I'm not too sure about the relative boiling points. I would think that internal alkenes have a lower boiling point since the double bond makes kinks within the chain, reducing van der waals forces. I'm not sure how that would correspond to the stability of internal alkenes. Maybe someone else can chime in.

I think you need to be careful when talking about stability, as there are really two types of stability: thermodynamic stability and kinetic stability. Aldehydes being more reactive than ketones is an example of kinetic stability. Aldehydes react more quickly, and thus are kinetically less stable than ketones. However, this in itself implies nothing about the relative thermodynamic stability of the two functional groups.

Think of it this way: to compare kinetic stability of the two groups, you'd need to consider two different reactions:

1. CH3CH2CHO ----[CN-]----> CH3CH2C(OH)CN
2. CH3COCH3 ----[CN-]-----> CH3C(OH)(CN)CH3

The relative kinetic stability can be obtained by taking ratios of the two reaction rates.

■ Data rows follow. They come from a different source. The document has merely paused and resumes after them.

lemma rhoE_contract:
  assumes f: "finite_wedge_supp f" and H: "glN_annihilates p n N f" and c: "c \<in> U_basis n"
  shows "(\<Sum>x\<in>U_basis n. (-1) ^ fst x * rhoE p N (fst b) (fst x) (snd b) (snd x)
            (rhoE p N (fst x) (fst c) (snd x) (snd c) f) M)
         = - of_nat N * rhoE p N (fst b) (fst c) (snd b) (snd c) f M"
proof -
  have "(\<Sum>x\<in>U_basis n. (-1) ^ fst x * rhoE p N (fst b) (fst x) (snd b) (snd x)
            (rhoE p N (fst x) (fst c) (snd x) (snd c) f) M)
     = (\<Sum>k'<N. cw_e p b k' (\<lambda>M. \<Sum>x\<in>U_basis n. (-1) ^ fst x *
          cw_f p x k' (rhoE p N (fst x) (fst c) (snd x) (snd c) f) M) M)"
    unfolding rhoE_cw[of p N "fst b"] lin_op_sum[OF lin_op_cw_e finite_U_basis]
      lin_op_scale[OF lin_op_cw_e]
    by (simp add: sum_distrib_left sum.swap[of _ "U_basis n"])
  also have "\<dots> = (\<Sum>k'<N. - of_nat N * cw_e p b k' (cw_f p c k' f) M)"
    by (rule sum.cong[OF refl])
      (simp add: sum_sign_cw_f_rhoE[OF f H c] lin_op_neg[OF lin_op_cw_e] lin_op_scale[OF lin_op_cw_e])
  also have "\<dots> = - of_nat N * rhoE p N (fst b) (fst c) (snd b) (snd c) f M"
    by (simp add: rhoE_cw sum_distrib_left)
  finally show ?thesis .
qed

definition casimir_term :: "nat \<Rightarrow> nat \<Rightarrow> nat \<Rightarrow> (nat \<Rightarrow> nat \<times> nat) \<Rightarrow> fock \<Rightarrow> fock" where
  "casimir_term p N l c = foldr (\<circ>) (map (cas_factor p N l c) [0..<l]) id"

lemma casimir_op_eq_sum:
  "casimir_op p q N l f M = (\<Sum>c\<in>Pi\<^sub>E {..<l} (\<lambda>_. U_basis (p + q)). casimir_term p N l c f M)"
  by (simp add: casimir_op_def casimir_term_def U_basis_def)

lemma casimir_op_Suc_0:
  assumes H: "glN_annihilates p (p + q) N f"
  shows "casimir_op p q N (Suc 0) f M = 0"
proof -
  let ?X = "U_basis (p + q)"
  have "casimir_op p q N (Suc 0) f M
      = (\<Sum>y\<in>?X. \<Sum>c\<in>Pi\<^sub>E {} (\<lambda>_. ?X). casimir_term p N (Suc 0) (c(0 := y)) f M)"
    unfolding casimir_op_eq_sum lessThan_Suc lessThan_0 by (rule sum_PiE_insert) simp
  also have "\<dots> = (\<Sum>x\<in>?X. rhoE p N (fst x) (fst x) (snd x) (snd x) f M)"
    by (simp add: casimir_term_def cas_factor_def)
  also have "\<dots> = (\<Sum>k<N. glN_op p (p + q) k k f M)"
    unfolding rhoE_cw glN_op_def by (simp add: sum.swap[of _ ?X])
  also have "\<dots> = 0"
    using H unfolding glN_annihilates_def by (intro sum.neutral) blast
  finally show ?thesis .
qed

lemma cas_factor_cong:
  assumes "Suc r < l" "Suc r < l'" "c r = c' r" "c (Suc r) = c' (Suc r)"
  shows "cas_factor p N l c r = cas_factor p N l' c' r"
  using assms by (simp add: cas_factor_def fun_eq_iff)

text \<open>Inserting a new index y between the last index c m and the first index c 0 replaces
  the last factor \<rho>(E_{c m, c 0}) by \<rho>(E_{c m, y}) (-1)^y \<rho>(E_{y, c 0}); summing over y
  contracts the pair (lemma rhoE_contract).\<close>

lemma casimir_term_Suc_Suc:
  assumes f: "finite_wedge_supp f" and H: "glN_annihilates p n N f" and c0: "c 0 \<in> U_basis n"
  shows "(\<Sum>y\<in>U_basis n. casimir_term p N (Suc (Suc m)) (c(Suc m := y)) f M)
         = - of_nat N * casimir_term p N (Suc m) c f M"
proof -
  define P where "P = foldr (\<circ>) (map (cas_factor p N (Suc m) c) [0..<m]) id"
  define t :: complex where "t = (if m = 0 then 1 else (-1) ^ fst (c m))"
  define R where "R y = rhoE p N (fst y) (fst (c 0)) (snd y) (snd (c 0))" for y
  have linP: "lin_op P" unfolding P_def by (rule lin_op_foldr_comp) (simp add: lin_op_cas_factor)
  have prefix: "foldr (\<circ>) (map (cas_factor p N (Suc (Suc m)) (c(Suc m := y))) [0..<m]) id = P" for y
    unfolding P_def by (intro arg_cong[where f = "\<lambda>xs. foldr (\<circ>) xs id"] map_cong refl cas_factor_cong) auto
  have long: "casimir_term p N (Suc (Suc m)) (c(Suc m := y)) f = P (\<lambda>M. t *
      rhoE p N (fst (c m)) (fst y) (snd (c m)) (snd y) (\<lambda>M. (-1) ^ fst y * R y f M) M)" for y
  proof -
    have upt: "[0..<Suc (Suc m)] = [0..<m] @ [m, Suc m]" by simp
    show ?thesis
      unfolding casimir_term_def upt foldr_comp_append prefix[of y, symmetric]
      by (simp add: cas_factor_def t_def R_def del: upt_Suc)
  qed
  have short: "casimir_term p N (Suc m) c f = P (\<lambda>M. t * rhoE p N (fst (c m)) (fst (c 0)) (snd (c m)) (snd (c 0)) f M)"
  proof -
    have upt: "[0..<Suc m] = [0..<m] @ [m]" by simp
    show ?thesis
      unfolding casimir_term_def upt foldr_comp_append P_def by (simp add: cas_factor_def t_def del: upt_Suc)
  qed
  have contract: "(\<lambda>M. \<Sum>y\<in>U_basis n. t * rhoE p N (fst (c m)) (fst y) (snd (c m)) (snd y)
        (\<lambda>M. (-1) ^ fst y * R y f M) M)
      = (\<lambda>M. - of_nat N * (t * rhoE p N (fst (c m)) (fst (c 0)) (snd (c m)) (snd (c 0)) f M))"
    using rhoE_contract[OF f H c0, of "c m"]
    by (simp add: R_def lin_op_scale[OF lin_op_rhoE] algebra_simps flip: sum_distrib_left)
  have "(\<Sum>y\<in>U_basis n. casimir_term p N (Suc (Suc m)) (c(Suc m := y)) f M)
      = P (\<lambda>M. \<Sum>y\<in>U_basis n. t * rhoE p N (fst (c m)) (fst y) (snd (c m)) (snd y)
          (\<lambda>M. (-1) ^ fst y * R y f M) M) M"
    unfolding long lin_op_sum[OF linP finite_U_basis] ..
  also have "\<dots> = - of_nat N * casimir_term p N (Suc m) c f M"
    unfolding contract short lin_op_scale[OF linP] ..
  finally show ?thesis .
qed

lemma casimir_op_Suc:
  assumes f: "finite_wedge_supp f" and H: "glN_annihilates p (p + q) N f"
  shows "casimir_op p q N (Suc (Suc m)) f M = - of_nat N * casimir_op p q N (Suc m) f M"
proof -
  let ?X = "U_basis (p + q)"
  have "casimir_op p q N (Suc (Suc m)) f M
      = (\<Sum>y\<in>?X. \<Sum>c\<in>Pi\<^sub>E {..<Suc m} (\<lambda>_. ?X). casimir_term p N (Suc (Suc m)) (c(Suc m := y)) f M)"
    unfolding casimir_op_eq_sum lessThan_Suc[of "Suc m"] by (rule sum_PiE_insert) simp
  also have "\<dots> = (\<Sum>c\<in>Pi\<^sub>E {..<Suc m} (\<lambda>_. ?X). \<Sum>y\<in>?X. casimir_term p N (Suc (Suc m)) (c(Suc m := y)) f M)"
    by (rule sum.swap)
  also have "\<dots> = (\<Sum>c\<in>Pi\<^sub>E {..<Suc m} (\<lambda>_. ?X). - of_nat N * casimir_term p N (Suc m) c f M)"
    by (intro sum.cong refl casimir_term_Suc_Suc[OF f H]) auto
  also have "\<dots> = - of_nat N * casimir_op p q N (Suc m) f M"
    by (simp add: casimir_op_eq_sum sum_distrib_left)
  finally show ?thesis .
qed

To determine thermodynamic stability, you'd need to look at the equilibrium constant of the isomerization of the two reactants:

CH3CH2CHO <----------> CH3COCH3


As far as the BP of internal vs. terminal alkenes, internal double bonds typically lead to lower BP because the kinking usually makes it harder for the molecules to pack tightly. Numbers for how much this matter are outside the realm of the MCAT.

As far as the branching vs. melting point question, it depends on the specific alkane. Small alkanes typically show increased melting points with increased branching since they can form extremely tight-packed structures (think of this almost light a crystal lattice type structre). However, this trend isn't general, and larger alkanes show a decrease in melting point with increased branching, since this makes it harder for the molecules to pack tightly together.

For these trends, the thing to think about is surface contact. Can you pack the molecules together in such a way that their surfaces contact significantly? That will lead to an increased melting temperature. The opposite also holds.

 

[amberisma]

3.How can an Sn1 reaction NOT depend on concentration of the acid? Since protonation does need to occur, so I higher concentration of acid would cause more protonation and higher rate of carbocation formation.

The reaction depends on the rating determining step. The RDS involves forming a carbocation, so it only depends on the substrates ability to form a carbocation. Only the substrate is involved in the rate determining step, hence Sn1. So no matter how much or little acid there is, the reaction will only proceed as fast as the leaving group is able to separate from the substrate.